lemma weight_glue_right:
  assumes "(P1, Q1) \<in> intervals n1" "(P2, Q2) \<in> intervals n2" "k \<in> contacts P1"
    and j: "1 \<le> j" "j \<le> n2"
  shows "weight x y r s (glue (P1, Q1) k (P2, Q2)) (Suc n1 + j)
    = x ^ card {c \<in> contacts P1. k \<le> c} * weight x y r s (P2, Q2) j"
proof -
  interpret glued "take k P1" "drop k P1" P2 Q1 Q2 by (rule glue_is_glued[OF assms(1-3)])
  have "nX + nY = n1" "length (up_positions P2) = n2" by (rule glue_is_glued[OF assms(1-3)])+
  moreover have "take k P1 @ drop k P1 = P1" "length (take k P1) = k"
    using mem_contacts_le_length[OF assms(3)] by simp_all
  ultimately show ?thesis
    using stats_in_P2[OF j(1)] j by (simp add: weight_def glue_def power_add mult_ac)
qed

text \<open>The contributions of the up-steps of \<open>P1\<close> lying before and after the chosen contact,
  and of the up-steps of \<open>P2\<close>, summed over all choices of the contact; they produce the second,
  third and fourth term of the functional equation.\<close>
definition contrib_before :: "'a::comm_ring_1 \<Rightarrow> 'a \<Rightarrow> 'a \<Rightarrow> 'a \<Rightarrow> nat \<Rightarrow> bool list \<times> bool list \<Rightarrow> bool list \<Rightarrow> 'a" where
  "contrib_before x y r s n1 pq1 P2 = (\<Sum>j=1..n1. weight 1 1 r s pq1 j
     * (r * s * x * y ^ contact P2 * (\<Sum>i<contact_gt (fst pq1) j. y ^ i)))"

definition contrib_after :: "'a::comm_ring_1 \<Rightarrow> 'a \<Rightarrow> 'a \<Rightarrow> 'a \<Rightarrow> nat \<Rightarrow> bool list \<times> bool list \<Rightarrow> bool list \<Rightarrow> 'a" where
  "contrib_after x y r s n1 pq1 P2 = (\<Sum>j=1..n1. weight 1 1 r s pq1 j
     * (s * x ^ 2 * (\<Sum>i<contact_le (fst pq1) j. x ^ i) * y ^ (contact_gt (fst pq1) j + contact P2 - 1)))"

definition contrib_right :: "'a::comm_ring_1 \<Rightarrow> 'a \<Rightarrow> 'a \<Rightarrow> 'a \<Rightarrow> bool list \<Rightarrow> nat \<Rightarrow> bool list \<times> bool list \<Rightarrow> 'a" where
  "contrib_right x y r s P1 n2 pq2 = (\<Sum>j=1..n2. weight x y r s pq2 j * x * (\<Sum>i<contact P1. x ^ i))"

lemma sum_glue_weights:
  fixes x y r s :: "'a::comm_ring_1"
  assumes "(P1, Q1) \<in> intervals n1" "(P2, Q2) \<in> intervals n2"
  shows "(\<Sum>k\<in>contacts P1. \<Sum>j=2..Suc (n1 + n2). weight x y r s (glue (P1, Q1) k (P2, Q2)) j)
    = contrib_before x y r s n1 (P1, Q1) P2 + contrib_after x y r s n1 (P1, Q1) P2
      + contrib_right x y r s P1 n2 (P2, Q2)"
proof -
  let ?S = "contacts P1"
  have fin: "finite ?S" by (rule finite_contacts)
  have "(\<Sum>k\<in>?S. \<Sum>j=2..Suc (n1 + n2). weight x y r s (glue (P1, Q1) k (P2, Q2)) j)
      = (\<Sum>k\<in>?S. (\<Sum>j=1..n1. weight x y r s (glue (P1, Q1) k (P2, Q2)) (Suc j))
          + (\<Sum>j=1..n2. x ^ card {c \<in> ?S. k \<le> c} * weight x y r s (P2, Q2) j))"
    unfolding sum_split_range
    by (intro sum.cong refl arg_cong2[where f = "(+)"]) (use weight_glue_right[OF assms] in auto)
  also have "\<dots> = (\<Sum>j=1..n1. \<Sum>k\<in>?S. weight x y r s (glue (P1, Q1) k (P2, Q2)) (Suc j))
      + (\<Sum>j=1..n2. \<Sum>k\<in>?S. x ^ card {c \<in> ?S. k \<le> c} * weight x y r s (P2, Q2) j)"
    by (simp add: sum.distrib sum.swap[of _ ?S])
  also have "(\<Sum>j=1..n1. \<Sum>k\<in>?S. weight x y r s (glue (P1, Q1) k (P2, Q2)) (Suc j))
      = contrib_before x y r s n1 (P1, Q1) P2 + contrib_after x y r s n1 (P1, Q1) P2"
  proof -
    have "(\<Sum>k\<in>?S. weight x y r s (glue (P1, Q1) k (P2, Q2)) (Suc j))
        = weight 1 1 r s (P1, Q1) j * (r * s * x * y ^ contact P2 * (\<Sum>i<contact_gt P1 j. y ^ i))
          + weight 1 1 r s (P1, Q1) j * (s * x ^ 2 * (\<Sum>i<contact_le P1 j. x ^ i)
              * y ^ (contact_gt P1 j + contact P2 - 1))"
      if j: "1 \<le> j" "j \<le> n1" for j
    proof -
      define u where "u = upstart P1 j"
      define a where "a = weight 1 1 r s (P1, Q1) j * s * r * x * y ^ contact P2"
      define b where "b = weight 1 1 r s (P1, Q1) j * s * y ^ (contact_gt P1 j + contact P2 - 1)"
      have "(\<Sum>k\<in>?S. weight x y r s (glue (P1, Q1) k (P2, Q2)) (Suc j))
          = (\<Sum>k\<in>?S. if u < k then a * y ^ (card {c \<in> ?S. k \<le> c} - 1)
               else b * x ^ (1 + card {c \<in> ?S. k \<le> c \<and> c \<le> u}))"
      proof (rule sum.cong[OF refl])
        fix k assume "k \<in> ?S"
        show "weight x y r s (glue (P1, Q1) k (P2, Q2)) (Suc j)
            = (if u < k then a * y ^ (card {c \<in> ?S. k \<le> c} - 1)
               else b * x ^ (1 + card {c \<in> ?S. k \<le> c \<and> c \<le> u}))"
          unfolding weight_glue_left[OF assms \<open>k \<in> ?S\<close> j] a_def b_def u_def
          by (simp add: power_add mult_ac)
      qed
      also have "\<dots> = (\<Sum>k\<in>{k \<in> ?S. u < k}. a * y ^ (card {c \<in> ?S. k \<le> c} - 1))
          + (\<Sum>k\<in>{k \<in> ?S. k \<le> u}. b * x ^ (1 + card {c \<in> ?S. k \<le> c \<and> c \<le> u}))"
      proof -
        have "?S \<inter> {k. u < k} = {k \<in> ?S. u < k}" "?S \<inter> - {k. u < k} = {k \<in> ?S. k \<le> u}" by auto
        then show ?thesis by (subst sum.If_cases[OF fin]) (simp only:)
      qed
      also have "\<dots> = a * (\<Sum>i=1..card {c \<in> ?S. u < c}. y ^ (i - 1))
          + b * (\<Sum>i=1..card {c \<in> ?S. c \<le> u}. x ^ (1 + i))"
        by (simp only: sum_distrib_left[symmetric] sum_rank_above[OF fin, where f = "\<lambda>i. y ^ (i - 1)"]
            sum_rank_upto[OF fin, where f = "\<lambda>i. x ^ (1 + i)"])
      also have "\<dots> = a * (\<Sum>i<contact_gt P1 j. y ^ i) + b * (x ^ 2 * (\<Sum>i<contact_le P1 j. x ^ i))"
        unfolding contact_gt_def contact_le_def u_def
        by (simp add: sum.atLeast1_atMost_eq sum_distrib_left power2_eq_square mult.assoc)
      finally show ?thesis unfolding a_def b_def by (simp add: algebra_simps)
    qed
    then show ?thesis
      unfolding contrib_before_def contrib_after_def sum.distrib[symmetric] by (intro sum.cong) simp_all
  qed
  also have "(\<Sum>j=1..n2. \<Sum>k\<in>?S. x ^ card {c \<in> ?S. k \<le> c} * weight x y r s (P2, Q2) j)
      = contrib_right x y r s P1 n2 (P2, Q2)"
    unfolding contrib_right_def sum_distrib_right[symmetric] sum_rank[OF fin]
    by (simp add: contact_def sum.atLeast1_atMost_eq sum_distrib_left sum_distrib_right mult_ac)
  finally show ?thesis .
qed

section \<open>The functional equation\<close>

definition J_coeff :: "'a::field \<Rightarrow> 'a \<Rightarrow> 'a \<Rightarrow> 'a \<Rightarrow> nat \<Rightarrow> 'a" where
  "J_coeff x y r s n = (\<Sum>pq\<in>intervals n. \<Sum>j=1..n. weight x y r s pq j)"

definition F_coeff :: "'a::field \<Rightarrow> nat \<Rightarrow> 'a" where
  "F_coeff x n = (\<Sum>pq\<in>intervals n. x ^ contact (fst pq))"

lemma fps_nth_Jgf: "fps_nth (Jgf x y r s) n = J_coeff x y r s n"
  by (simp add: Jgf_def J_coeff_def weight_def case_prod_beta)

lemma fps_nth_Fgf: "fps_nth (Fgf x) n = F_coeff x n"
  by (simp add: Fgf_def F_coeff_def case_prod_beta)

lemma weight_first_up:
  assumes "pq \<in> intervals (Suc n)"
  shows "weight x y r s pq 1 = x * y ^ (contact (fst pq) - 1)"
proof -
  obtain P Q where pq: "pq = (P, Q)" by (cases pq)
  then have b: "balanced P" "balanced Q" "length P = 2 * Suc n" "P \<preceq> Q"
    using assms mem_intervals_iff by blast+
  then have "length Q = 2 * Suc n" using tamari_leq_length by metis
  then have "P \<noteq> []" "Q \<noteq> []" using b(3) by auto
  then show ?thesis using stats_first_up[OF b(1)] stats_first_up[OF b(2)] pq by (simp add: weight_def)
qed

lemma J_coeff_Suc:
  fixes x y r s :: "'a::field"
  assumes "y \<noteq> 0"
  shows "J_coeff x y r s (Suc n) = x / y * F_coeff y (Suc n)
    + (\<Sum>n1\<le>n. \<Sum>pq1\<in>intervals n1. \<Sum>pq2\<in>intervals (n - n1).
        contrib_before x y r s n1 pq1 (fst pq2) + contrib_after x y r s n1 pq1 (fst pq2)
        + contrib_right x y r s (fst pq1) (n - n1) pq2)"
proof -
  have "J_coeff x y r s (Suc n) = (\<Sum>pq\<in>intervals (Suc n). weight x y r s pq 1)
      + (\<Sum>pq\<in>intervals (Suc n). \<Sum>j=2..Suc n. weight x y r s pq j)"
    unfolding J_coeff_def sum.distrib[symmetric]
    by (intro sum.cong refl) (simp add: sum.atLeast_Suc_atMost numeral_2_eq_2)
  also have "(\<Sum>pq\<in>intervals (Suc n). weight x y r s pq 1) = x / y * F_coeff y (Suc n)"
  proof -
    have "weight x y r s pq 1 = x / y * y ^ contact (fst pq)" if "pq \<in> intervals (Suc n)" for pq
      using weight_first_up[OF that] contact_pos[of "fst pq"] assms
      by (cases "contact (fst pq)") (auto simp: field_simps)
    then show ?thesis unfolding F_coeff_def sum_distrib_left by (rule sum.cong[OF refl])
  qed
  also have "(\<Sum>pq\<in>intervals (Suc n). \<Sum>j=2..Suc n. weight x y r s pq j)
     = (\<Sum>n1\<le>n. \<Sum>pq1\<in>intervals n1. \<Sum>pq2\<in>intervals (n - n1). \<Sum>k\<in>contacts (fst pq1).
          \<Sum>j=2..Suc (n1 + (n - n1)). weight x y r s (glue pq1 k pq2) j)"
    by (subst sum_intervals_Suc) (intro sum.cong refl, simp)
  also have "\<dots> = (\<Sum>n1\<le>n. \<Sum>pq1\<in>intervals n1. \<Sum>pq2\<in>intervals (n - n1).
        contrib_before x y r s n1 pq1 (fst pq2) + contrib_after x y r s n1 pq1 (fst pq2)
        + contrib_right x y r s (fst pq1) (n - n1) pq2)"
    by (intro sum.cong refl) (metis prod.collapse sum_glue_weights)
  finally show ?thesis .
qed

lemma sum_contrib_before:
  fixes x y r s :: "'a::field"
  assumes "y \<noteq> 1"
  shows "r * s * x / (y - 1) * (\<Sum>i\<le>n. (J_coeff 1 y r s i - J_coeff 1 1 r s i) * F_coeff y (n - i))
    = (\<Sum>n1\<le>n. \<Sum>pq1\<in>intervals n1. \<Sum>pq2\<in>intervals (n - n1). contrib_before x y r s n1 pq1 (fst pq2))"
proof -
  have "r * s * x / (y - 1) * (\<Sum>i\<le>n. (J_coeff 1 y r s i - J_coeff 1 1 r s i) * F_coeff y (n - i))
     = (\<Sum>n1\<le>n. r * s * x / (y - 1) * ((\<Sum>pq1\<in>intervals n1. \<Sum>j\<in>{1..n1}.
          weight 1 y r s pq1 j - weight 1 1 r s pq1 j) * (\<Sum>pq2\<in>intervals (n - n1). y ^ contact (fst pq2))))"
    unfolding J_coeff_def F_coeff_def by (simp add: sum_distrib_left sum_subtractf)
  also have "\<dots> = (\<Sum>n1\<le>n. \<Sum>pq1\<in>intervals n1. \<Sum>pq2\<in>intervals (n - n1). contrib_before x y r s n1 pq1 (fst pq2))"
    unfolding scaled_sum_product_nested contrib_before_def
  proof (intro sum.cong refl)
    fix j :: nat and pq1 pq2 :: "bool list \<times> bool list"
    show "r * s * x / (y - 1) * (weight 1 y r s pq1 j - weight 1 1 r s pq1 j) * y ^ contact (fst pq2)
      = weight 1 1 r s pq1 j * (r * s * x * y ^ contact (fst pq2) * (\<Sum>i<contact_gt (fst pq1) j. y ^ i))"
      using assms by (simp add: weight_def geometric_sum field_simps)
  qed
  finally show ?thesis .
qed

*WHAT THE EXERCISE ASKS*. Among the entries, copy every line containing the word "define".

*ANSWER SPACE*.
      define u where "u = upstart P1 j"
      define a where "a = weight 1 1 r s (P1, Q1) j * s * r * x * y ^ contact P2"
      define b where "b = weight 1 1 r s (P1, Q1) j * s * y ^ (contact_gt P1 j + contact P2 - 1)"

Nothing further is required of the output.